TASK BRIEF. Retype, word for word, every line from the one holding "obtain B' where" through the one holding "using measure_joining_vimage_Times[OF P" in the entries below, both included, and only those lines.

________________

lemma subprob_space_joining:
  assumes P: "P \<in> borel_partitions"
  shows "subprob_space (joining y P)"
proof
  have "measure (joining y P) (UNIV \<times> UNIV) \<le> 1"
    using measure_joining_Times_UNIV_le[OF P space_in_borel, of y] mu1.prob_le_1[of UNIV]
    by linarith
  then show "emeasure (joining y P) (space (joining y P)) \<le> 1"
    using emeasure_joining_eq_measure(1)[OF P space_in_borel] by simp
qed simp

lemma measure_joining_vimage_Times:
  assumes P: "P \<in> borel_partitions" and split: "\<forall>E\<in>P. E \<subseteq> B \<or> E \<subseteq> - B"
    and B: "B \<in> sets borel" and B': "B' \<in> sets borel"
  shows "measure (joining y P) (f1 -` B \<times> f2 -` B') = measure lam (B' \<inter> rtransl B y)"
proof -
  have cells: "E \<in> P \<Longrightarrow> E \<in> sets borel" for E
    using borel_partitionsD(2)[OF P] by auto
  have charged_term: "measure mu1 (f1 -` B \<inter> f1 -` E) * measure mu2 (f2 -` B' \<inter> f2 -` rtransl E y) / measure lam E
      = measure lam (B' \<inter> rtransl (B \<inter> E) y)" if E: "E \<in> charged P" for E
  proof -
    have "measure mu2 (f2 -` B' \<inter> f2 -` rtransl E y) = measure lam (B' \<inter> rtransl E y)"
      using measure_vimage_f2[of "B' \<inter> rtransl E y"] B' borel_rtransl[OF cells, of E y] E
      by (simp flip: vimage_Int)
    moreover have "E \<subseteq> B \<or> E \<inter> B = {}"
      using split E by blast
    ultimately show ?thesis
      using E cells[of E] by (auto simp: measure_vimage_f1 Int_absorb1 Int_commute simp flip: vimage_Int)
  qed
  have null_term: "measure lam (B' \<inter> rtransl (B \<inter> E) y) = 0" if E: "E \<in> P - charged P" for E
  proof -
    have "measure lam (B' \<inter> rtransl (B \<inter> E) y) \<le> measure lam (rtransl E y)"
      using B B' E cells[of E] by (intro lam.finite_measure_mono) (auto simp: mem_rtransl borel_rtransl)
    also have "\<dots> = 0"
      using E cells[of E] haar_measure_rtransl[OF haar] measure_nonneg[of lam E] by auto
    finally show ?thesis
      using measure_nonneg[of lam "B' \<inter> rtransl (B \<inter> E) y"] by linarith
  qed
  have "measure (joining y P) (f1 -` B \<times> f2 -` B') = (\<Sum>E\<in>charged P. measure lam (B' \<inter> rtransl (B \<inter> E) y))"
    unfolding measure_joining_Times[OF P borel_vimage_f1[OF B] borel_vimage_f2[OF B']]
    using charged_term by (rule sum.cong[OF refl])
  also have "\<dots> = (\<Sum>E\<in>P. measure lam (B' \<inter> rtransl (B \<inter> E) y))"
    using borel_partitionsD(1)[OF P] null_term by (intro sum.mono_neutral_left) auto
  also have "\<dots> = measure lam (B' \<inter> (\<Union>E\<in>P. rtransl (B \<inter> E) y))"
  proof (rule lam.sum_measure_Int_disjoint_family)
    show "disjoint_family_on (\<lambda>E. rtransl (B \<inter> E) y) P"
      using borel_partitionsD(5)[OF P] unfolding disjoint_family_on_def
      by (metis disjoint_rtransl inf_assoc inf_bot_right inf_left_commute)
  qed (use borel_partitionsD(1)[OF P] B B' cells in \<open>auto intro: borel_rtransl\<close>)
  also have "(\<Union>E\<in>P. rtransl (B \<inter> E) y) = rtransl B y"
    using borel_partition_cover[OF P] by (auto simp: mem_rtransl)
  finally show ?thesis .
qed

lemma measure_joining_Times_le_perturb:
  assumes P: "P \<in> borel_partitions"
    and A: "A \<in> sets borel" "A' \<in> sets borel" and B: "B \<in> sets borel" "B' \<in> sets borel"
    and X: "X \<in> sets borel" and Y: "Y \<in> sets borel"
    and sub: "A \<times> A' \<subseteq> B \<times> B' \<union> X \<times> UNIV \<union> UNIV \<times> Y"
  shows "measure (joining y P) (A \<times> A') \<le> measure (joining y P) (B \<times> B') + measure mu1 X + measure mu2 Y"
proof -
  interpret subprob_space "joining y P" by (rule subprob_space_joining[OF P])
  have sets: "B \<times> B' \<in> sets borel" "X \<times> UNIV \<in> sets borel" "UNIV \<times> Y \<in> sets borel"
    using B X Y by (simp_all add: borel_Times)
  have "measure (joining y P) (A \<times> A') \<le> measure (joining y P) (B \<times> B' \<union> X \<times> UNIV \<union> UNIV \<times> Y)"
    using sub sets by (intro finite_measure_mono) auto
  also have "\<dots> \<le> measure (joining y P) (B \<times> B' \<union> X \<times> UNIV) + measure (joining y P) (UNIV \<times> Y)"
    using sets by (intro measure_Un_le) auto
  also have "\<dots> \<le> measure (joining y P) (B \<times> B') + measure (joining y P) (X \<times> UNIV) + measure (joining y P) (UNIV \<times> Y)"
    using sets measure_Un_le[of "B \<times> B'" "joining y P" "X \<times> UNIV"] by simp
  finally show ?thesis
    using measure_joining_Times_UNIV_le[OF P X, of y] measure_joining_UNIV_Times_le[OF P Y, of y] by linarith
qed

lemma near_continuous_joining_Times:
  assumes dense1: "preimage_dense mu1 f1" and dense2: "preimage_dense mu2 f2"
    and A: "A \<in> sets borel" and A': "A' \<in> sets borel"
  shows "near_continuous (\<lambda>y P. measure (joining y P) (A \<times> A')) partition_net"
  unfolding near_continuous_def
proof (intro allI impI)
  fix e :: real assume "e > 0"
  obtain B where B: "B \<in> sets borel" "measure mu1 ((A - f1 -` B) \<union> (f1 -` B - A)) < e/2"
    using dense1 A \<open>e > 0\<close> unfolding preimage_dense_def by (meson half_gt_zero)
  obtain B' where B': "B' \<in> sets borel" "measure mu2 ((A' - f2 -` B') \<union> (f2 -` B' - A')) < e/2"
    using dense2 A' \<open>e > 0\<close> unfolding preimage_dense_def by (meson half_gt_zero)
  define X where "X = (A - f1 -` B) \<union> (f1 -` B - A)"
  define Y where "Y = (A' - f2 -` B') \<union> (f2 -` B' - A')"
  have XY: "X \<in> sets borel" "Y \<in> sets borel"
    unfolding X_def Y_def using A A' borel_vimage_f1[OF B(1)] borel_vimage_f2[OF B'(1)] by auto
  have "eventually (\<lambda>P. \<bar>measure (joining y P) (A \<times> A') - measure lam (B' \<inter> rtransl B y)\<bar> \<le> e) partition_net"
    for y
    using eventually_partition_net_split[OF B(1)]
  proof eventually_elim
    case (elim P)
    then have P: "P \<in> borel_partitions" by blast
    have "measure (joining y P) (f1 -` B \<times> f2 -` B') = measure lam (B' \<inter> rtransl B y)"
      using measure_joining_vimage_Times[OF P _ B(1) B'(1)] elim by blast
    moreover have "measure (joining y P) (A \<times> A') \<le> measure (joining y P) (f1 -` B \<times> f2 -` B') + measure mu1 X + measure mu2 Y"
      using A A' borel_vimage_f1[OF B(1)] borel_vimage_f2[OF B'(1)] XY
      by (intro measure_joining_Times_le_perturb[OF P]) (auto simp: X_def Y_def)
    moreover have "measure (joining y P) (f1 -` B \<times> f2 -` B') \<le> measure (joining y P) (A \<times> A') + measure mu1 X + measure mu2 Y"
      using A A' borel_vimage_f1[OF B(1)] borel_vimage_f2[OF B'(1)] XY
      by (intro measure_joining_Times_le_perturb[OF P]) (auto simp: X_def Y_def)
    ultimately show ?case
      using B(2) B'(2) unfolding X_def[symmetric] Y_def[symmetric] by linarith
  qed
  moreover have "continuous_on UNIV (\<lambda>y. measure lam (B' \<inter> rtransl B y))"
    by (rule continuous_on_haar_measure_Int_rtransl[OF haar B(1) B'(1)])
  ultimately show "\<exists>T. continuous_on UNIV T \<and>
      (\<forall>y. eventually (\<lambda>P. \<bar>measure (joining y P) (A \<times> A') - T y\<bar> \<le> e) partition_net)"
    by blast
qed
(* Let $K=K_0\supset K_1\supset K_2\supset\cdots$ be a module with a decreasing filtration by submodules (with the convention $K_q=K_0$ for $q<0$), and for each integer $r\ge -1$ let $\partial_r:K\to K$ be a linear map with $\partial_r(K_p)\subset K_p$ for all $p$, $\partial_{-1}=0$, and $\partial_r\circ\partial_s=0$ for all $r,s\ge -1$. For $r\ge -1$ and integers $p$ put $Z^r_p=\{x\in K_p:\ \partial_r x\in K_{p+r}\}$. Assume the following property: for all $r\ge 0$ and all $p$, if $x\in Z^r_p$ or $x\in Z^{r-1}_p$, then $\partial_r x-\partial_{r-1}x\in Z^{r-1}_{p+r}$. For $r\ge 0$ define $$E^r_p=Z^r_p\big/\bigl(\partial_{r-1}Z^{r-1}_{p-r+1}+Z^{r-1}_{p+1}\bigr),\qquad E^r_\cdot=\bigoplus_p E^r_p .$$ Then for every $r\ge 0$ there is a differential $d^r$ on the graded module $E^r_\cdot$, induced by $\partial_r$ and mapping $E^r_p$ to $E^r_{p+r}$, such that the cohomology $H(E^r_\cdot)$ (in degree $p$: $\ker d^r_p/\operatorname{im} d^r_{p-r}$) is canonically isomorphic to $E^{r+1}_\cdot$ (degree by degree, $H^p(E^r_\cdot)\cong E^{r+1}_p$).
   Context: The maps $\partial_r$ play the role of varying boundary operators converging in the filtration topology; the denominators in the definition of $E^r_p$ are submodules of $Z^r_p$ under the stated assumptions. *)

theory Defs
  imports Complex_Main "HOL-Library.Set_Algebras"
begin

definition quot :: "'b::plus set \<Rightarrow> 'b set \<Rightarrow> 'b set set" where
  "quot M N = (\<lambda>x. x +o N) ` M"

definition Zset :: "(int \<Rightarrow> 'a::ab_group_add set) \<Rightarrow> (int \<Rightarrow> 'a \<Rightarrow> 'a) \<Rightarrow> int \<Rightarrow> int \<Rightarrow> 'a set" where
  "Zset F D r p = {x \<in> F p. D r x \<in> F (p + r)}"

________________

EXPECTED ANSWER.
  obtain B' where B': "B' \<in> sets borel" "measure mu2 ((A' - f2 -` B') \<union> (f2 -` B' - A')) < e/2"
    using dense2 A' \<open>e > 0\<close> unfolding preimage_dense_def by (meson half_gt_zero)
  define X where "X = (A - f1 -` B) \<union> (f1 -` B - A)"
  define Y where "Y = (A' - f2 -` B') \<union> (f2 -` B' - A')"
  have XY: "X \<in> sets borel" "Y \<in> sets borel"
    unfolding X_def Y_def using A A' borel_vimage_f1[OF B(1)] borel_vimage_f2[OF B'(1)] by auto
  have "eventually (\<lambda>P. \<bar>measure (joining y P) (A \<times> A') - measure lam (B' \<inter> rtransl B y)\<bar> \<le> e) partition_net"
    for y
    using eventually_partition_net_split[OF B(1)]
  proof eventually_elim
    case (elim P)
    then have P: "P \<in> borel_partitions" by blast
    have "measure (joining y P) (f1 -` B \<times> f2 -` B') = measure lam (B' \<inter> rtransl B y)"
      using measure_joining_vimage_Times[OF P _ B(1) B'(1)] elim by blast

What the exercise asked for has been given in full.